Особенно выразительна «рифмовка» деталей в описаниях, которые следуют за эпизодами, содержащими завязку и кульминацию художественного конфликта. Если в первом случае, в описании, которое следует сразу после того, как Attalea приняла решение в одиночку вступить в борьбу за свободу, выражается точка зрения автора («И пальма гордо смотрела зелёной вершиной на лес товарищей, раскинутый под нею» [с. 114])8, то в аналогичном описании Attalea после того, как она пробила стекло оранжереи и вырвалась на свободу («Над стеклянным сводом гордо высилась выпрямившаяся зелёная корона пальмы» [с. 116]), выражена точка зрения директора ботанического сада («Он отбежал от оранжереи и посмотрел на крышу…» [с. 116]), который в системе художественных образов произведения по отношению к Attalea занимает место в одном ряду с растениями-обывателями: бунт пальмы не находит у него сочувствия, что закономерно приводит к решению спилить дерево9.

Приводя здесь точку зрения директора ботанического сада, В. Гаршин сознательно, на наш взгляд, вводит в заблуждение читателя, у которого (поскольку он вправе, исходя из контекста произведения, приписать данное замечание автору-повествователю) создаётся ложное впечатление, что Attalea испытывает чувство гордости, так как добилась своей цели, хотя – как выясняется в дальнейшем – на самом деле она разочарована.
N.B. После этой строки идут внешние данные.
lemma connected_graph_semitotal_dom_vertex_set:
  assumes conn: "connected_graph V E" and two: "2 \<le> card V"
  shows "semitotal_dom V E V"
  unfolding semitotal_dom_def
proof (intro conjI ballI)
  fix x assume x: "x \<in> V"
  have g: "graph V E" using conn unfolding connected_graph_def by blast
  have "\<not> V \<subseteq> {x}"
  proof
    assume "V \<subseteq> {x}"
    then have "card V \<le> 1" using card_mono[of "{x}" V] by simp
    with two show False by simp
  qed
  then obtain y where y: "y \<in> V" "y \<noteq> x" by blast
  have "E\<^sup>*\<^sup>* x y" using conn x y(1) unfolding connected_graph_def by blast
  then obtain t where "E x t"
    using rtranclp_boundary_edge[of E x y "{x}"] y(2) by blast
  then show "\<exists>t\<in>V. within_two V E x t"
    using graph_vertices[OF g] within_two_if_edge[OF g] by blast
qed auto

definition contract_map :: "'a \<Rightarrow> 'a \<Rightarrow> 'a \<Rightarrow> 'a" where
  "contract_map u v x = (if x = v then u else x)"

lemma contract_E_contract_map:
  assumes g: "graph V E" and uv: "E u v" and xy: "E x y"
  shows "contract_map u v x = contract_map u v y
    \<or> contract_E V E u v (contract_map u v x) (contract_map u v y)"
  using graph_vertices[OF g uv] graph_vertices[OF g xy] graph_irrefl[OF g] uv xy
  unfolding contract_map_def contract_E_def by auto

lemma within_two_contract_map:
  assumes g: "graph V E" and uv: "E u v" and xy: "within_two V E x y"
    and ne: "contract_map u v x \<noteq> contract_map u v y"
  shows "within_two (V - {v}) (contract_E V E u v) (contract_map u v x) (contract_map u v y)"
proof -
  have mem: "contract_map u v w \<in> V - {v}" if "w \<in> V" for w
    using that graph_vertices[OF g uv] graph_irrefl[OF g uv] unfolding contract_map_def by auto
  from xy consider "E x y" | w where "w \<in> V" "E x w" "E w y"
    unfolding within_two_def by blast
  then show ?thesis
  proof cases
    case 1
    then show ?thesis using contract_E_contract_map[OF g uv] ne unfolding within_two_def by blast
  next
    case (2 w)
    then show ?thesis
      using contract_E_contract_map[OF g uv 2(2)] contract_E_contract_map[OF g uv 2(3)] ne mem
      unfolding within_two_def by metis
  qed
qed

lemma graph_contract:
  assumes g: "graph V E" and uv: "E u v"
  shows "graph (V - {v}) (contract_E V E u v)"
  using g graph_vertices[OF g uv] graph_irrefl[OF g uv] graph_sym[OF g]
  unfolding graph_def contract_E_def by blast

lemma rtranclp_contract_map:
  assumes g: "graph V E" and uv: "E u v" and "E\<^sup>*\<^sup>* x y"
  shows "(contract_E V E u v)\<^sup>*\<^sup>* (contract_map u v x) (contract_map u v y)"
  using assms(3)
proof (induction rule: rtranclp_induct)
  case (step y z)
  then show ?case
    using contract_E_contract_map[OF g uv step(2)] by (metis rtranclp.rtrancl_into_rtrancl)
qed simp

lemma connected_graph_contract:
  assumes conn: "connected_graph V E" and uv: "E u v"
  shows "connected_graph (V - {v}) (contract_E V E u v)"
proof -
  have g: "graph V E" using conn unfolding connected_graph_def by blast
  have "(contract_E V E u v)\<^sup>*\<^sup>* x y" if "x \<in> V - {v}" "y \<in> V - {v}" for x y
    using rtranclp_contract_map[OF g uv, of x y] conn that
    unfolding connected_graph_def contract_map_def by auto
  then show ?thesis using graph_contract[OF g uv] unfolding connected_graph_def by blast
qed

lemma contract_E_lift: "contract_E V E u v x y \<Longrightarrow> x \<noteq> u \<Longrightarrow> E x y \<or> (y = u \<and> E x v)"
  unfolding contract_E_def by blast

lemma within_two_contract_lift:
  assumes "within_two (V - {v}) (contract_E V E u v) x y" "x \<noteq> u"
  shows "within_two V E x y \<or> E x u \<or> E x v \<or> (y = u \<and> within_two V E x v)"
  using assms unfolding within_two_def contract_E_def by blast

lemma semitotal_dom_uncontract_in:
  assumes g: "graph V E" and uv: "E u v"
    and sd: "semitotal_dom (V - {v}) (contract_E V E u v) D'" and uD: "u \<in> D'"
  shows "semitotal_dom V E (insert v D')"
  unfolding semitotal_dom_def
proof (intro conjI ballI)
  show "insert v D' \<subseteq> V" using sd graph_vertices[OF g uv] unfolding semitotal_dom_def by blast
next
  fix x assume x: "x \<in> V - insert v D'"
  then obtain d where "d \<in> D'" "contract_E V E u v x d" using sd unfolding semitotal_dom_def by blast
  then show "\<exists>y\<in>insert v D'. E x y" using contract_E_lift[of V E u v x d] x uD by blast
next
  fix x assume x: "x \<in> insert v D'"
  show "\<exists>y\<in>insert v D'. within_two V E x y"
  proof (cases "x = u \<or> x = v")
    case True
    then show ?thesis using uD within_two_if_edge[OF g uv] within_two_if_edge[OF g graph_sym[OF g uv]] by blast
  next
    case False
    with x obtain y where "y \<in> D'" "within_two (V - {v}) (contract_E V E u v) x y"
      using sd unfolding semitotal_dom_def by blast
    then show ?thesis
      using within_two_contract_lift[of V v E u x y] False uD within_two_if_edge[OF g] by blast
  qed
qed

lemma semitotal_dom_uncontract_notin:
  assumes g: "graph V E" and uv: "E u v"
    and sd: "semitotal_dom (V - {v}) (contract_E V E u v) D'" and uD: "u \<notin> D'"
    and c: "c \<in> {u, v}" and d: "d \<in> D'" "E c d"
  shows "semitotal_dom V E (insert c D')"
proof -
  have D'V: "D' \<subseteq> V - {v}" using sd unfolding semitotal_dom_def by blast
  have uv_adj: "E x c" if "x \<in> {u, v}" "x \<noteq> c" for x
    using that c uv graph_sym[OF g uv] by blast
  have near_c: "within_two V E x c" if "E x u \<or> E x v" "x \<notin> {u, v}" for x
    using that uv_adj graph_vertices[OF g uv] c within_two_if_edge[OF g] unfolding within_two_def
    by blast
  show ?thesis
    unfolding semitotal_dom_def
  proof (intro conjI ballI)
    show "insert c D' \<subseteq> V" using D'V c graph_vertices[OF g uv] by blast
  next
    fix x assume x: "x \<in> V - insert c D'"
    show "\<exists>y\<in>insert c D'. E x y"
    proof (cases "x \<in> {u, v}")
      case True
      then show ?thesis using uv_adj x by blast
    next
      case False
      then obtain d' where "d' \<in> D'" "contract_E V E u v x d'"
        using sd x unfolding semitotal_dom_def by blast
      then show ?thesis using contract_E_lift[of V E u v x d'] False uD by blast
    qed
  next
    fix x assume x: "x \<in> insert c D'"
    show "\<exists>y\<in>insert c D'. within_two V E x y"
    proof (cases "x = c")
      case True
      then show ?thesis using d within_two_if_edge[OF g] by blast
    next
      case False
      then have "x \<in> D'" "x \<notin> {u, v}" using x D'V uD by auto
      then obtain y where "y \<in> D'" "within_two (V - {v}) (contract_E V E u v) x y"
        using sd unfolding semitotal_dom_def by blast
      then show ?thesis
        using within_two_contract_lift[of V v E u x y] \<open>x \<notin> {u, v}\<close> uD near_c by blast
    qed
  qed
qed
Делается это для того, чтобы ярче выявить контраст между концовкой основной части произведения и началом финала. Несмотря на то что кульминационный момент конфликта рассказа (освобождение героини) в фабульном времени и пространстве совпадает с развязкой (разочарование и гибель Attalea), в композиционном отношении развязка выделена в отдельную, самостоятельную часть произведения – финал.

В финале В. Гаршин вводит в повествование завершающий психологическую характеристику Attalea мотив разочарования («Только-то? – думала она. – И это всё, из-за чего я томилась и страдала так долго? И этого-то достигнуть было для меня высочайшею целью?» [с. 116]), несущий в себе немалую долю пессимизма самого писателя10. В этом контексте развитие лирико-романтической темы рассказа завершается, с одной стороны, таким описательным компонентом, как пейзаж, в котором используются эпитеты, передающие субъективно-эмоциональное восприятие героиней природы чужого ей мира по контрасту с природой её родины: «Она должна была стоять на холодном ветре, чувствовать его порывы и острое прикосновение снежинок, смотреть на грязное небо, на нищую природу, на грязный задний двор ботанического сада, на скучный огромный город, видневшийся в тумане…» [с. 117]; а с другой стороны, обобщающим лирически окрашенным высказыванием автора, включающим в себя несобственно-прямую речь: «И Attalea поняла, что для неё всё было кончено. Она застывала. Вернуться снова под крышу? Но она уже не могла вернуться…» [с. 117]. Здесь авторское сознание свободно проникает в сознание персонажа, по сути, сливается с ним. Фабульно развязка зеркально отражает завязку: Attalea, добившись своей цели, испытывает разочарование и гибнет, так как реальность оказывается не такой, как она себе представляла – достигнутая свобода не соответствует мечте о ней.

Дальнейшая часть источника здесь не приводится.